Results 1 to 29 of 29

Thread: The Sordid Tale of Candace Mossler

  1. #1
    Taggerez Guest

    The Sordid Tale of Candace Mossler

    Jacques Mossler was the head of a $33 million banking, loan and insurance empire with companies all over the country. He had gone to work at an early age to support his mother after his father died. He progressed from car mechanic to car salesman on to used-car dealer to new-car dealer to car financing.

    In 1947, while divorcing by first wife, Mossler met Candace Weatherby Johnson, a busty and attractive 33-year old former model and mother of two from Georgia who was also getting a divorce. Mossler and Candy married the next year, moved to Houston in 1950 and made their home in a mansion in the top line River Oaks neighborhood. Candace Mossler quickly became a key figure in Houston high society, earning a reputation as a charming hostess, entertaining visiting celebrities and taking active part in civic, cultural and charitable causes.

    In 1961, Candy Mossler took in Melvin Lane Powers, the son of her older sister, Elizabeth Weatherby Powers. Melvin was a brawny 20-year old who had blown in from Pontiac, Michigan where he had fallen in with a group of swindlers and had spent 90 days in jail for fraud. He was still on probation when he showed up in Houston directed by his mother, who hoped Candy’s wealth would help set her son straight. Candy talked Jacques into giving her nephew a job at one of Mossler’s financial firms and letting him live with the family.

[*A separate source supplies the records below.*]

(* For any CQAP $Q$ whose fracture $Q_\dagger$ is hierarchical, with static width $\mathsf w=\mathsf w(Q)$ and dynamic width $\delta=\delta(Q)$, either $\delta=\mathsf w$ or $\delta=\mathsf w-1$.
   Context: CQAP. A conjunctive query with free access patterns (CQAP) has the form $Q(\mathcal O\mid\mathcal I)=R_1(\mathcal X_1),\dots,R_n(\mathcal X_n)$, where $R_i(\mathcal X_i)$ are atoms, $\mathit{vars}(Q)=\bigcup_i\mathcal X_i$, and the free variables $\mathcal O\cup\mathcal I\subseteq\mathit{vars}(Q)$ are partitioned into input variables $\mathcal I$ and output variables $\mathcal O$ (either may be empty); the other variables are bound. $\mathit{atoms}(X)$ denotes the set of atoms whose schema contains $X$. A CQAP is hierarchical if for all variables $A,B$: $\mathit{atoms}(A)\subseteq\mathit{atoms}(B)$, or $\mathit{atoms}(B)\subseteq\mathit{atoms}(A)$, or $\mathit{atoms}(A)\cap\mathit{atoms}(B)=\emptyset$. Fracture. The fracture $Q_\dagger$ of $Q$ is obtained by: replacing every occurrence of an input variable in every atom by a distinct fresh variable; computing the connected components of the hypergraph of the resulting query (vertices = variables, hyperedges = atom schemas); within each connected component, replacing all fresh variables originating from the same input variable of $Q$ by one fresh input variable. Output and bound variables are unchanged. Variable orders. A variable order (VO) $\omega$ for a CQAP is a rooted forest with exactly one node per variable such that the variables of each atom lie on a common root-to-leaf path; $\mathit{dep}_\omega(X)$ is the set of ancestors $Y$ of $X$ that occur in a common atom with some variable of the subtree rooted at $X$. The extended VO adds leaves: each atom becomes a child of its lowest variable; then, processing variables bottom-up, at each variable $X$ with $\mathcal S=\{X\}\cup\mathit{dep}_\omega(X)$ and $\mathcal R$ the set of atoms below $X$, consider candidate indicator atoms $I_{\mathcal Z}R(\mathcal Z)$ for atoms $R(\mathcal Y)$ not in $\mathcal R$ with $\mathcal Z=\mathcal Y\cap\mathcal S\neq\emptyset$; run the GYO reduction (repeatedly delete a vertex occurring in only one hyperedge and a hyperedge contained in another) on the hypergraph whose hyperedges are the schemas of the candidates and of $\mathcal R$, and add as children of $X$ those candidates whose hyperedges survive in the fixpoint. All VOs are extended. A VO is access-top if no bound variable is an ancestor of a free variable and no output variable is an ancestor of an input variable. Widths. For a VO $\omega$ and variable $X$, $\omega_X$ is the subtree rooted at $X$ and $Q_X$ the join of all atoms and indicator atoms at the leaves of $\omega_X$. For a variable set $\mathcal F$, $\rho^*_{Q_X}(\mathcal F)$ is the minimum of $\sum_e\lambda_e$ over $\lambda_e\in[0,1]$ indexed by atoms $e$ of $Q_X$ subject to $\sum_{e\ni Y}\lambda_e\ge1$ for all $Y\in\mathcal F$ (so $\rho^*(\emptyset)=0$). $\mathsf w(\omega)=\max_X\rho^*_{Q_X}(\{X\}\cup\mathit{dep}_\omega(X))$ and $\delta(\omega)=\max_X\max_{R(\mathcal Y)}\rho^*_{Q_X}((\{X\}\cup\mathit{dep}_\omega(X))\setminus\mathcal Y)$, the inner maximum over atoms and indicator atoms $R(\mathcal Y)$ at leaves of $\omega_X$. For a CQAP $Q$, $(\delta(Q),\mathsf w(Q))$ is the lexicographically smallest pair $(\delta(\omega),\mathsf w(\omega))$ (first minimise $\delta$, then $\mathsf w$) over all access-top VOs $\omega$ of $Q_\dagger$. *)

theory Defs
  imports Complex_Main
begin
lemma slab_cover:
  assumes "\<forall>i\<in>{1..r}. fst p \<noteq> y i"
  shows "\<exists>i\<le>r. p \<in> slab r y i"
proof -
  define k where "k = Max ({0} \<union> {i\<in>{1..r}. y i < fst p})"
  have k: "k = 0 \<or> k \<in> {1..r} \<and> y k < fst p"
    unfolding k_def using Max_in[of "{0} \<union> {i\<in>{1..r}. y i < fst p}"] by auto
  have above: "\<not> y i < fst p" if "k < i" "i \<le> r" for i
  proof
    assume "y i < fst p"
    then have "i \<le> k" unfolding k_def using that by (intro Max_ge) auto
    then show False using that(1) by simp
  qed
  have "k \<le> r" using k by auto
  moreover have "fst p < y (k + 1)" if "k < r"
  proof -
    have "fst p \<noteq> y (k + 1)" using assms that by simp
    then show ?thesis using above[of "k + 1"] that by linarith
  qed
  then have "p \<in> slab r y k" unfolding slab_def using k by auto
  ultimately show ?thesis by blast
qed

definition slab_index :: "nat \<Rightarrow> (nat \<Rightarrow> real) \<Rightarrow> pt \<Rightarrow> nat" where
  "slab_index r y p = (THE i. i \<le> r \<and> p \<in> slab r y i)"

lemma slab_index:
  assumes "vertical_lines P r y" "p \<in> P"
  shows "slab_index r y p \<le> r" "p \<in> slab r y (slab_index r y p)"
proof -
  have mono: "strict_mono_on {1..r} y" using assms(1) unfolding vertical_lines_def by blast
  obtain i where i: "i \<le> r" "p \<in> slab r y i"
    using assms slab_cover[of r p y] unfolding vertical_lines_def by blast
  have "\<exists>!i. i \<le> r \<and> p \<in> slab r y i"
    using i slab_unique[OF mono] by (intro ex1I[of _ i]) blast+
  from theI'[OF this] show "slab_index r y p \<le> r" "p \<in> slab r y (slab_index r y p)"
    unfolding slab_index_def by auto
qed

lemma slab_index_eq_iff:
  assumes "vertical_lines P r y" "p \<in> P" "i \<le> r"
  shows "slab_index r y p = i \<longleftrightarrow> p \<in> slab r y i"
  using slab_index[OF assms(1,2)] slab_unique[of r y] assms
  unfolding vertical_lines_def by blast

lemma crosses_transversally_slab_between:
  assumes mono: "strict_mono_on {1..r} y" and p: "p \<in> slab r y a" and q: "q \<in> slab r y b"
    and "a < h" "h < b" "b \<le> r"
  shows "crosses_transversally {p, q} (slab r y h)"
proof -
  have yp: "fst p < y (a + 1)" and yq: "y b < fst q"
    using p q assms unfolding slab_def by auto
  have ys: "y (a + 1) \<le> y h" "y h < y (h + 1)" "y (h + 1) \<le> y b"
    using strict_mono_on_leD[OF mono] strict_mono_onD[OF mono] assms by auto
  define t where "t = (max (fst p) (y h) + min (fst q) (y (h + 1))) / 2"
  have t: "fst p < t" "t < fst q" "y h < t" "t < y (h + 1)"
    using yp yq ys unfolding t_def max_def min_def by auto
  define u where "u = (t - fst p) / (fst q - fst p)"
  have u: "0 \<le> u" "u \<le> 1" unfolding u_def using t by auto
  define z where "z = (1 - u) *\<^sub>R p + u *\<^sub>R q"
  have "z \<in> closed_segment p q" unfolding z_def in_segment using u by blast
  moreover have "fst z = fst p + u * (fst q - fst p)"
    unfolding z_def by (simp add: algebra_simps)
  then have "fst z = t" using t unfolding u_def by simp
  then have "z \<in> slab r y h" unfolding slab_def using t by auto
  moreover have "p \<notin> slab r y h" "q \<notin> slab r y h"
    using slab_unique[OF mono, of a h p] slab_unique[OF mono, of b h q] p q assms by auto
  ultimately show ?thesis unfolding crosses_transversally_def by blast
qed

lemma crosses_transversally_slab_index_between:
  assumes lines: "vertical_lines P r y" and "p \<in> P" "q \<in> P"
    and h: "h \<in> {min (slab_index r y p) (slab_index r y q)<..<max (slab_index r y p) (slab_index r y q)}"
  shows "crosses_transversally {p, q} (slab r y h)"
proof -
  have mono: "strict_mono_on {1..r} y" using lines unfolding vertical_lines_def by blast
  note p = slab_index[OF lines \<open>p \<in> P\<close>] and q = slab_index[OF lines \<open>q \<in> P\<close>]
  show ?thesis
  proof (cases "slab_index r y p \<le> slab_index r y q")
    case True
    then show ?thesis
      using crosses_transversally_slab_between[OF mono p(2) q(2)] q(1) h by auto
  next
    case False
    then show ?thesis
      using crosses_transversally_slab_between[OF mono q(2) p(2)] p(1) h
      by (auto simp: insert_commute)
  qed
qed

lemma card_adjacent_le_3:
  fixes H :: "'a::linorder set"
  assumes H: "finite H"
  shows "card {j\<in>H. {min k j<..<max k j} \<inter> H = {}} \<le> 3"
proof -
  define U where "U = {h\<in>H. k < h}"
  define D where "D = {h\<in>H. h < k}"
  have fin: "finite U" "finite D" using H unfolding U_def D_def by auto
  have "{j\<in>H. {min k j<..<max k j} \<inter> H = {}} \<subseteq> {k, Min U, Max D}"
  proof
    fix j assume j: "j \<in> {j\<in>H. {min k j<..<max k j} \<inter> H = {}}"
    consider "j = k" | "k < j" | "j < k" by fastforce
    then show "j \<in> {k, Min U, Max D}"
    proof cases
      case 2
      then have "j \<in> U" using j unfolding U_def by auto
      then have "Min U \<le> j" "Min U \<in> U" using fin Min_le Min_in by blast+
      moreover have "\<not> Min U < j" using j 2 \<open>Min U \<in> U\<close> unfolding U_def by auto
      ultimately show ?thesis by simp
    next
      case 3
      then have "j \<in> D" using j unfolding D_def by auto
      then have "j \<le> Max D" "Max D \<in> D" using fin Max_ge Max_in by blast+
      moreover have "\<not> j < Max D" using j 3 \<open>Max D \<in> D\<close> unfolding D_def by auto
      ultimately show ?thesis by simp
    qed simp
  qed
  then have "card {j\<in>H. {min k j<..<max k j} \<inter> H = {}} \<le> card {k, Min U, Max D}"
    by (rule card_mono[rotated]) simp
  also have "\<dots> \<le> 3" by (simp add: card_insert_if)
  finally show ?thesis .
qed
theorem lemma1:
  fixes A :: "'a set" and n :: nat and P :: "nat \<Rightarrow> 'a rel" and k :: "nat \<Rightarrow> nat"
  assumes "finite A"
    and "\<forall>i<n. linear_order_on A (P i)"
    and "\<forall>i<n. \<forall>j<n. i \<noteq> j \<longrightarrow> P i \<noteq> P j"
    and "\<forall>i<n. k i > 0"
  shows "(\<exists>E. is_tree {..<n} E \<and> single_crossing_tree A {..<n} P E) \<longleftrightarrow>
         (\<exists>E. is_tree {(i, j). i < n \<and> j < k i} E \<and>
              single_crossing_tree A {(i, j). i < n \<and> j < k i} (\<lambda>(i, j). P i) E)"
  (is "?single \<longleftrightarrow> ?copies")
proof -
  let ?Q = "{(i, j). i < n \<and> j < k i}"
  have complete: "complete_profile A P {..<n}"
    using assms(2) by (simp add: complete_profile_linear_orders)
  have complete_copies: "complete_profile A (\<lambda>(i, j). P i) ?Q"
    unfolding case_prod_beta' by (rule complete_profile_compose[OF complete]) auto
  have agree: "\<forall>x\<in>?Q. same_prefs A ((\<lambda>(i, j). P i) x) (P (fst x))"
    by (simp add: case_prod_beta)
  have same_index: "i = j" if "i < n" "j < n" "same_prefs A (P i) (P j)" for i j
    using linear_order_eq_if_same_prefs[OF assms(2)[rule_format, OF that(1)]
        assms(2)[rule_format, OF that(2)] that(3)] assms(3) that(1,2) by blast
  show ?thesis
  proof
    assume ?single
    then obtain E where "is_tree {..<n} E" "single_crossing_tree A {..<n} P E" by blast
    moreover have "\<forall>x\<in>?Q. fst x \<in> {..<n}" "\<forall>i\<in>{..<n}. (i, 0) \<in> ?Q"
      "\<forall>i\<in>{..<n}. fst (i, 0) = i"
      using assms(4) by auto
    ultimately show ?copies
      by (rule single_crossing_tree_blowup[OF _ _ complete complete_copies _ _ _ agree])
  next
    assume ?copies
    then obtain E where "is_tree ?Q E" "single_crossing_tree A ?Q (\<lambda>(i, j). P i) E" by blast
    moreover have "fst ` ?Q = {..<n}"
      using assms(4) by (force simp: image_iff)
    moreover note agree
    moreover have "fst x = fst y"
      if "x \<in> ?Q" "y \<in> ?Q" "same_prefs A ((\<lambda>(i, j). P i) x) ((\<lambda>(i, j). P i) y)" for x y
      using that same_index by (auto simp: case_prod_beta)
    ultimately show ?single
      by (rule single_crossing_tree_quotient[OF _ _ complete_copies complete])
  qed
qed

end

    In 1962 Jacques Mossler suffered a respiratory infection and traveled alone to Europe for treatment. He also began spending more time on Key Biscayne for the healthy ocean air. Back in Houston, Candy began to develop a very close relationship with her nephew. Before long, the pair crossed the line and became lovers. Candy and Mel’s relationship became an open secret around the house. Jacques learned of his wife’s incestuous affair after he was tipped off by a servant. This prompted him to read Candy’s diary which confirmed the charges.

    Afterward, Jacques paid a visit to the Harris County DA to see about bringing criminal charges against Powers for breaking up his home. The authorities dissuaded him, warning of the potential for scandalous publicity. Jacques fired Powers from his job and booted him from the mansion then retreated to Europe. He eventually returned to the United States, but was too embarrassed to live in Houston, where rumors of the incest tittered through high society. He moved to a modest two-bedroom unit at the Governors Lodge apartment complex in Key Biscayne.

    Though their relationship was strained, neither Jacques nor Candy made legal moves to separate or divorce. Each had financial motivation not to. According to the terms of a pre-nuptual they had signed, Candy would receive only $200,000 if she sued for divorce and Jacques knew she could get half of his fortune if he sought the divorce. The couple was locked in a legal and financial standoff.

    Despite Mel’s exile from the mansion, he and Candy still got together in nightclubs and traveling to beach resorts and ski lodges. During these trips, Powers often introduced Candy as his wife or claimed she was a distant relation recovering from a bad marriage. With her financial backing, Powers started selling trailer homes just south of Houston in Webster. He took an apartment in Houston which served as a love nest for Aunt Candy’s visits.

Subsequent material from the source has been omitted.